● Supplied material
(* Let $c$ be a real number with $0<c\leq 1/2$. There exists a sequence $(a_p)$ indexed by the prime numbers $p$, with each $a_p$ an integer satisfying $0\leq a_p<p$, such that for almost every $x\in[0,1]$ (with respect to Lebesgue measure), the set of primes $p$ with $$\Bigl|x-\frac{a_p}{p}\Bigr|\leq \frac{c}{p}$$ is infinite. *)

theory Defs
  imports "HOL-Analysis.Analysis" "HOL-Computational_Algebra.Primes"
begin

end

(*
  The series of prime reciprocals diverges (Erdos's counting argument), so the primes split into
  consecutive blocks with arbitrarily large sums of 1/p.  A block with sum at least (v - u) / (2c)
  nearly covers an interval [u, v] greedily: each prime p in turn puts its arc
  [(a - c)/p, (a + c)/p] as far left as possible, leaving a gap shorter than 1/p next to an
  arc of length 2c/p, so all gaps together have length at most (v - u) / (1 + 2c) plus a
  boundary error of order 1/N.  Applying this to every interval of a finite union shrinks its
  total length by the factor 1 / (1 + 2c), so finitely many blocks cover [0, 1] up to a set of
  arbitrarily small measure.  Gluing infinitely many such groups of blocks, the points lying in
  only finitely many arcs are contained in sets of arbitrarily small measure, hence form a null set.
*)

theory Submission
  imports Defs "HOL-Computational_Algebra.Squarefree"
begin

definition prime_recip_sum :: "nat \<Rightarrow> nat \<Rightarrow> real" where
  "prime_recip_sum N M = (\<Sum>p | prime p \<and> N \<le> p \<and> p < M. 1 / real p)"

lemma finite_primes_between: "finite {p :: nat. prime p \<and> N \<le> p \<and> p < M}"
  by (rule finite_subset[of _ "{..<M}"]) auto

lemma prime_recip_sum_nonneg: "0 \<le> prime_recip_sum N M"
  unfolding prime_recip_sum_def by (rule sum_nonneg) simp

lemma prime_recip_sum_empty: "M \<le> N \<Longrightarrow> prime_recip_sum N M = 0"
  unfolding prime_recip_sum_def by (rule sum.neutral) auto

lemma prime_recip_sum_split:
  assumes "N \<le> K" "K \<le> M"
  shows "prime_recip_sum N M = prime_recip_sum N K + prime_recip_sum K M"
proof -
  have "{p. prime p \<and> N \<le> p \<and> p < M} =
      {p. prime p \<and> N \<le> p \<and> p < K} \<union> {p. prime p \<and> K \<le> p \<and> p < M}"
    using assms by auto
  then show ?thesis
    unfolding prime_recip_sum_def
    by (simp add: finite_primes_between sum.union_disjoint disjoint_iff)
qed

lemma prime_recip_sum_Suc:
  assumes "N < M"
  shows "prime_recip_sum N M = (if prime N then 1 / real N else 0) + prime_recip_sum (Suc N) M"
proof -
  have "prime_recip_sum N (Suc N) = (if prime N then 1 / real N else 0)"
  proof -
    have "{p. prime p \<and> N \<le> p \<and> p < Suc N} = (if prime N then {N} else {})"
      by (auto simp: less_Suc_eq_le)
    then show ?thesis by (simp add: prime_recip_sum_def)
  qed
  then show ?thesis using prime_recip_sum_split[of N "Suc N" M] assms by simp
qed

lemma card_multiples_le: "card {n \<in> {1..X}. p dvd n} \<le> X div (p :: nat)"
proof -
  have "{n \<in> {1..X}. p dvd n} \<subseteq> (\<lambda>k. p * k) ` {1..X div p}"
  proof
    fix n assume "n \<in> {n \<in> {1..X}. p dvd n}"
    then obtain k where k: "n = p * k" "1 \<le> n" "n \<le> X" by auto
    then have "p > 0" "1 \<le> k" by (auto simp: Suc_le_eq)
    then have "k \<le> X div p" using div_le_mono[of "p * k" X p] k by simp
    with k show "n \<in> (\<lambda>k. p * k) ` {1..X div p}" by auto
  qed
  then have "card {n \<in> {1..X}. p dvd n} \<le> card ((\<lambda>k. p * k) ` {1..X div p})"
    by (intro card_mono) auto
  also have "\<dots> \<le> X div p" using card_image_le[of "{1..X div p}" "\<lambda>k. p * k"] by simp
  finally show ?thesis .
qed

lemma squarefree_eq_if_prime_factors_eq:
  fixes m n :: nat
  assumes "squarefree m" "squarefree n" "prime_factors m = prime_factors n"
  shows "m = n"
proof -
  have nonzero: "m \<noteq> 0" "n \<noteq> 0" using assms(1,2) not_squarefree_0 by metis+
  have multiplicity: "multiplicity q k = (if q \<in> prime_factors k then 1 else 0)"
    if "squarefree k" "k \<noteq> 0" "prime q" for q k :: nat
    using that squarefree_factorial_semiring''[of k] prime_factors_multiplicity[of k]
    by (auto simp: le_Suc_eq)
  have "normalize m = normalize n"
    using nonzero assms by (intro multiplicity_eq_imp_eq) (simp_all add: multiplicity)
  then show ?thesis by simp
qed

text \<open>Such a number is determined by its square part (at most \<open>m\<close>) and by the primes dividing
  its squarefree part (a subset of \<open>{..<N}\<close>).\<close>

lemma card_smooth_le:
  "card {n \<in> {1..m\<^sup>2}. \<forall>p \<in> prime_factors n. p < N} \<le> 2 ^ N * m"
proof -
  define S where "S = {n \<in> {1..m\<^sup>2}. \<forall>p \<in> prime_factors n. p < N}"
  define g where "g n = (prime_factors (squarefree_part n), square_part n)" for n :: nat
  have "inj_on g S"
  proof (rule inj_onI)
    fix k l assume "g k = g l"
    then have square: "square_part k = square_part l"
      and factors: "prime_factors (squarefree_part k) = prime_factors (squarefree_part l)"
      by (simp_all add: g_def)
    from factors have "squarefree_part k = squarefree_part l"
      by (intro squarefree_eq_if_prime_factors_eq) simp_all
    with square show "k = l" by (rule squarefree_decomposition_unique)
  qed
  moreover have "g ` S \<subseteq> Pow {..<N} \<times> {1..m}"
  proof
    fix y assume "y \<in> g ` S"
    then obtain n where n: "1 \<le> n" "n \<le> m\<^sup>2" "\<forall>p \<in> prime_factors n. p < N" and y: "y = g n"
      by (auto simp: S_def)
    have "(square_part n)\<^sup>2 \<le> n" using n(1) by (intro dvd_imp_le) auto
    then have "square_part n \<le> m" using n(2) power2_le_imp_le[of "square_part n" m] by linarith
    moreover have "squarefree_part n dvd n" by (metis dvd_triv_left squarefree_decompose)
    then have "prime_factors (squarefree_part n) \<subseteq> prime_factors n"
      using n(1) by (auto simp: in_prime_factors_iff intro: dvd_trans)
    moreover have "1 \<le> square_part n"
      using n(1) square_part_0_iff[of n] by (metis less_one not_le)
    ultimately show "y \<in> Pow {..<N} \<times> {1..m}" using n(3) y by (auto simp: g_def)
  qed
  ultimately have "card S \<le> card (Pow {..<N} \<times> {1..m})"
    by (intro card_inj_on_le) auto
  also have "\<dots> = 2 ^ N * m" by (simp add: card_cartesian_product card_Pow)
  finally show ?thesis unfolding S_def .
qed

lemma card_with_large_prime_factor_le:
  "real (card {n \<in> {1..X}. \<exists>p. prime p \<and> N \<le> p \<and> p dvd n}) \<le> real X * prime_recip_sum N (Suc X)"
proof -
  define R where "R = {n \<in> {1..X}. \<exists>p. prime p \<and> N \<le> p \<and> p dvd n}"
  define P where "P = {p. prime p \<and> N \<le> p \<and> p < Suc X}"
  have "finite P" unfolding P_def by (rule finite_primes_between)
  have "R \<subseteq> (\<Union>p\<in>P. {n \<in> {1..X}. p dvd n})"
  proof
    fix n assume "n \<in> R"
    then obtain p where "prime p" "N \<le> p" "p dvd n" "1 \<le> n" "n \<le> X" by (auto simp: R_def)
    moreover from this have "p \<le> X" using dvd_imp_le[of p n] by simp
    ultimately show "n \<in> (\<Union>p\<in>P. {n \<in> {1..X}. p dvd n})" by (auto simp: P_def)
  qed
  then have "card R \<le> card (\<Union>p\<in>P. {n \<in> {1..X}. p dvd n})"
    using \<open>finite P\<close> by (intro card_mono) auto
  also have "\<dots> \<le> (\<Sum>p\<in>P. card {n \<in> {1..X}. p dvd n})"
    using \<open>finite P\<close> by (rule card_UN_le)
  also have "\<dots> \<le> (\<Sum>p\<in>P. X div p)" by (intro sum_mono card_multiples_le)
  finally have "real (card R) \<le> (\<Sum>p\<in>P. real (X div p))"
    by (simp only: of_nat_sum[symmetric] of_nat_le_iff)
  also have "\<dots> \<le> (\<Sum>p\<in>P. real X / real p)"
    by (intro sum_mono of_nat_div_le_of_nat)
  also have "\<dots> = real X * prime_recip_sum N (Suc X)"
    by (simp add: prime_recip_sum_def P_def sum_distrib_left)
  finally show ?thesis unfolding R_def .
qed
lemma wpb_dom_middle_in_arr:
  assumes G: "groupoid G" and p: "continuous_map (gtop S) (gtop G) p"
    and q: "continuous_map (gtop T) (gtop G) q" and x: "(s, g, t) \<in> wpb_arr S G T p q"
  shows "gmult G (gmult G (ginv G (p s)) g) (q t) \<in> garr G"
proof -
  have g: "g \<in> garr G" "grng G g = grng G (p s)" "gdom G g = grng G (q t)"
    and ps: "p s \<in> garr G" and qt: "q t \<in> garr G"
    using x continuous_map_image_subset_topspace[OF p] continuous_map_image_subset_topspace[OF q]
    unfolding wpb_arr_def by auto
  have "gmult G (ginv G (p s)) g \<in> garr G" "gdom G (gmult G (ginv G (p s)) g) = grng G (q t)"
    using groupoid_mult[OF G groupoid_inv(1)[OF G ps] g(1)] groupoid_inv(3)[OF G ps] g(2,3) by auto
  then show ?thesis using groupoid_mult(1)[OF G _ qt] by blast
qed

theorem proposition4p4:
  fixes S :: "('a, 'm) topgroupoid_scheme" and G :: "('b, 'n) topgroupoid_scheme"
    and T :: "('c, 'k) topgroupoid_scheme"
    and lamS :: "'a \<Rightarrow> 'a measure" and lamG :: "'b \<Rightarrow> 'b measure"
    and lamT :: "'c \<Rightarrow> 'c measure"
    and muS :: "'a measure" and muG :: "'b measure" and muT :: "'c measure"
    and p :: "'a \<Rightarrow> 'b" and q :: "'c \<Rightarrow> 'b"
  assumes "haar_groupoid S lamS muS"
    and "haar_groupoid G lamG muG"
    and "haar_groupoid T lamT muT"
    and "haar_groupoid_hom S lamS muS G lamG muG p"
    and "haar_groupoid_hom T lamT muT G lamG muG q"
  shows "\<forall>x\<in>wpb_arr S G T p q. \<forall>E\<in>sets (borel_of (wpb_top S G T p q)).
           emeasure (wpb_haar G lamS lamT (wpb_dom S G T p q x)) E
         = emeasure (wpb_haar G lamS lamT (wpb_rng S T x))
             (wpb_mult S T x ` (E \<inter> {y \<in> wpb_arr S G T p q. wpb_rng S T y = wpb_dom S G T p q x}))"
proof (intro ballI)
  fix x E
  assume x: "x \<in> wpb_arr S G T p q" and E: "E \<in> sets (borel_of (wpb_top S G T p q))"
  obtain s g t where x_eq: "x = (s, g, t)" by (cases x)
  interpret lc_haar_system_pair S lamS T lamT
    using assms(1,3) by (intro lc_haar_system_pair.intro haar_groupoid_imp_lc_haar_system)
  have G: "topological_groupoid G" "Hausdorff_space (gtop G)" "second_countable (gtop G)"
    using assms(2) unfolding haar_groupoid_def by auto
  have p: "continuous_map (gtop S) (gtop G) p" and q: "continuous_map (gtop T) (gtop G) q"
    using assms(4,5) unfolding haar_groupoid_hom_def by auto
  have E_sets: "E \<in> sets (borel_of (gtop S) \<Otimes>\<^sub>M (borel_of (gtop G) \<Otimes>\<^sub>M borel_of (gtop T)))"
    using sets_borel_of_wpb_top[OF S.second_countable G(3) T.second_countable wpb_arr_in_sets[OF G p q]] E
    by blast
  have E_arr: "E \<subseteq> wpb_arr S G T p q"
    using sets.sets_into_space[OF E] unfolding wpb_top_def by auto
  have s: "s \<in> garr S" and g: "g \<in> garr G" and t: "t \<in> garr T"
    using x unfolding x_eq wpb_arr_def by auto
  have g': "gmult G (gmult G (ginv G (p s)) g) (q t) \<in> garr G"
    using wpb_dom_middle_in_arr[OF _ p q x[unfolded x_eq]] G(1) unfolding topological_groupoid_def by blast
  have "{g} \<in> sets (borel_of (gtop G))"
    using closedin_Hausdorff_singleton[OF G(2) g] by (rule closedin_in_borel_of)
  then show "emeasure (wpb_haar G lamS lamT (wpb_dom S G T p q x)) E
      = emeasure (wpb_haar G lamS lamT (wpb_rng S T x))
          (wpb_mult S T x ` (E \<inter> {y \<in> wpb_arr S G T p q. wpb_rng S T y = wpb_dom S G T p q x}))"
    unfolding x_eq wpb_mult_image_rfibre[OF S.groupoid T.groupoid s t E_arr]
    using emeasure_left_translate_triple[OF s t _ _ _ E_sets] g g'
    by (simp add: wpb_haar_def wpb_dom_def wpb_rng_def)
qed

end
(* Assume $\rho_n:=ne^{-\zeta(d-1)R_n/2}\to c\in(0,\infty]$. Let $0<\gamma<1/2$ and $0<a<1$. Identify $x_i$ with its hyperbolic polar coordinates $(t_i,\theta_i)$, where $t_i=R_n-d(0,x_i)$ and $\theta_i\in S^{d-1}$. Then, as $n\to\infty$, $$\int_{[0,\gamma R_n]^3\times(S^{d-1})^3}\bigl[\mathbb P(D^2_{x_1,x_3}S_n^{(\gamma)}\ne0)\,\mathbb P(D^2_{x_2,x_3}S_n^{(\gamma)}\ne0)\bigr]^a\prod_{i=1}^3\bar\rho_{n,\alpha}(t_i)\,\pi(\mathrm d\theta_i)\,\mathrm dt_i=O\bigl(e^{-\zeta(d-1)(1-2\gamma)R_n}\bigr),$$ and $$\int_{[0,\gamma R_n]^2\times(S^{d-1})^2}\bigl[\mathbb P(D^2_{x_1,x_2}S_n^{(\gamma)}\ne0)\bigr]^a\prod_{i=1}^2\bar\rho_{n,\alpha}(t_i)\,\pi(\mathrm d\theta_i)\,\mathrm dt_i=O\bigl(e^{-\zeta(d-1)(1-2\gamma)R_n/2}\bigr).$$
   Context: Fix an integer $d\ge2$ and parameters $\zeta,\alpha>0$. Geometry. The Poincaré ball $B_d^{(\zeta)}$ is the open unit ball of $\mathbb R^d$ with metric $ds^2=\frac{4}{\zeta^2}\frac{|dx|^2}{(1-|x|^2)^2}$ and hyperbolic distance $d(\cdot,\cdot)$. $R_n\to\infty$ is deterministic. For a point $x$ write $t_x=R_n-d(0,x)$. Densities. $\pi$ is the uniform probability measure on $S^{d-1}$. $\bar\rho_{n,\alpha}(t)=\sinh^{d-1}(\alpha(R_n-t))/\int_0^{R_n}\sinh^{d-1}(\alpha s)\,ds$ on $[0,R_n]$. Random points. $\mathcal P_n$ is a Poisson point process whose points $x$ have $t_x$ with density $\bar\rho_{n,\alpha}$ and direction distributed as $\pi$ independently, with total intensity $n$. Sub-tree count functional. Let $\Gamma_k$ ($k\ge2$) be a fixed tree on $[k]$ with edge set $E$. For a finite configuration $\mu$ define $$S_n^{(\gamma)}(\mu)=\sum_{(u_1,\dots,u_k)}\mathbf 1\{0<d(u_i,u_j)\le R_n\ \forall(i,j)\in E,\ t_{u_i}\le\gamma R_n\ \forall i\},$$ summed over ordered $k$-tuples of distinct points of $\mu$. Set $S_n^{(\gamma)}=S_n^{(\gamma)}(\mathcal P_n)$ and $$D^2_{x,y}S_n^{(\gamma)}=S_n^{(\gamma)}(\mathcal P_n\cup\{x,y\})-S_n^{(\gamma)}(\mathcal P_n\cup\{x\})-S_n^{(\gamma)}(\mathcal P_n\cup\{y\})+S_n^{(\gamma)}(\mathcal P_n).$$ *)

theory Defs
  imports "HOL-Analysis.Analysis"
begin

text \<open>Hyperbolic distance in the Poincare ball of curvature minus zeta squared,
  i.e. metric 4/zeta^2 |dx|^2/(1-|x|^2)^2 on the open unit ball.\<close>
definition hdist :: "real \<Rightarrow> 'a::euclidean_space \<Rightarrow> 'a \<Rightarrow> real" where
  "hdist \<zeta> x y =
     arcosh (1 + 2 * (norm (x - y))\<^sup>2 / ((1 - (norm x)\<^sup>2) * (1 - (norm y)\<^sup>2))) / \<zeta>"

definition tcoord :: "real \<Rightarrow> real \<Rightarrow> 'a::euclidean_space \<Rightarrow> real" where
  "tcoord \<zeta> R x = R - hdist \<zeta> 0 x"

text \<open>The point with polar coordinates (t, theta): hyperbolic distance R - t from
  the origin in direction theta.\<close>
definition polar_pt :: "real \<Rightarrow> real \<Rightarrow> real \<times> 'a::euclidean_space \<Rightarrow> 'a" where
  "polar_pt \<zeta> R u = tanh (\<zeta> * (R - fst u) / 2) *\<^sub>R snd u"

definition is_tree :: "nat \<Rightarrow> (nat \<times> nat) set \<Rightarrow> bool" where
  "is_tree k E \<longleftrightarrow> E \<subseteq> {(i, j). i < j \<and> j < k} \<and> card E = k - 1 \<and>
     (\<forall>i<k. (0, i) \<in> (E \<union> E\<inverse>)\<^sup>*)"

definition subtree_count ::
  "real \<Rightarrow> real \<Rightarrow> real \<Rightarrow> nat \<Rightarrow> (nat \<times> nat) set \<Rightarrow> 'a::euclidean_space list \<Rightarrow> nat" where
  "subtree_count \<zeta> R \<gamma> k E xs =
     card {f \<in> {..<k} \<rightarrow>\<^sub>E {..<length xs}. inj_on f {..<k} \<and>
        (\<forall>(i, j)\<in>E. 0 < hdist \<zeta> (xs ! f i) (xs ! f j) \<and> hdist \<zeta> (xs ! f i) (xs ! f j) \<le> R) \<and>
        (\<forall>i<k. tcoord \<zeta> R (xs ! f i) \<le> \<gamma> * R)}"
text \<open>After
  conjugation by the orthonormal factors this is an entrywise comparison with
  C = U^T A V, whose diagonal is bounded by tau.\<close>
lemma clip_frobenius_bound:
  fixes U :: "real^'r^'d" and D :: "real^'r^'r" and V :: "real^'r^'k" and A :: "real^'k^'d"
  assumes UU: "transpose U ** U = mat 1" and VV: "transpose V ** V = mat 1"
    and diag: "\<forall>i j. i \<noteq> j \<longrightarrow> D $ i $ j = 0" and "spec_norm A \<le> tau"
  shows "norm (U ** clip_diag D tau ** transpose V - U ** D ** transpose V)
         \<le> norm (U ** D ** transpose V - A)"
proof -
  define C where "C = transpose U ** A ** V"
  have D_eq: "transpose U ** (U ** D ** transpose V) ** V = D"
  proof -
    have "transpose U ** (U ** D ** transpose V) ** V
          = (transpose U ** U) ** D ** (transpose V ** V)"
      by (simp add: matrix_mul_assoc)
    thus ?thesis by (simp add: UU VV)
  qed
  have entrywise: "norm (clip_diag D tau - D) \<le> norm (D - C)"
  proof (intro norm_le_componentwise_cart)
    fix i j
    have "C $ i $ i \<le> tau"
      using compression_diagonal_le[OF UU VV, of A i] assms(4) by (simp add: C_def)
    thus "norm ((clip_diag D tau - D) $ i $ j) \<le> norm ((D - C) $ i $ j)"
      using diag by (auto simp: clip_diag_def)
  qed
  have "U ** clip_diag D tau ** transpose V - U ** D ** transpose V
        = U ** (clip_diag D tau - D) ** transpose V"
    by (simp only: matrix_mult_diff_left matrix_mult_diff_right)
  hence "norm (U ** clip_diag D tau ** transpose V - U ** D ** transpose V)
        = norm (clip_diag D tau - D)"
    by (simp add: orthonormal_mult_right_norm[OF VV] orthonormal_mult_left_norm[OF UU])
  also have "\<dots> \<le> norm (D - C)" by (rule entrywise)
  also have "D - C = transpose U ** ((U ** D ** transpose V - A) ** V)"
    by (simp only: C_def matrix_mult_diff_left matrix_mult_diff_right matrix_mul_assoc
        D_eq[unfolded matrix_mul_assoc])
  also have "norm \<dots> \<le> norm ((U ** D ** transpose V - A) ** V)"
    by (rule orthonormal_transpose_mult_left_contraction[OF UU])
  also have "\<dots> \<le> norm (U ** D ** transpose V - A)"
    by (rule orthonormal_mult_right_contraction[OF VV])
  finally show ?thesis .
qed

● Task to complete
Output exactly the span of lines beginning at the first line of the records and ending at the line that holds "nearly covers an", inclusive, with no other text.

● Solved problem
(* Let $c$ be a real number with $0<c\leq 1/2$. There exists a sequence $(a_p)$ indexed by the prime numbers $p$, with each $a_p$ an integer satisfying $0\leq a_p<p$, such that for almost every $x\in[0,1]$ (with respect to Lebesgue measure), the set of primes $p$ with $$\Bigl|x-\frac{a_p}{p}\Bigr|\leq \frac{c}{p}$$ is infinite. *)

theory Defs
  imports "HOL-Analysis.Analysis" "HOL-Computational_Algebra.Primes"
begin

end

(*
  The series of prime reciprocals diverges (Erdos's counting argument), so the primes split into
  consecutive blocks with arbitrarily large sums of 1/p.  A block with sum at least (v - u) / (2c)
  nearly covers an interval [u, v] greedily: each prime p in turn puts its arc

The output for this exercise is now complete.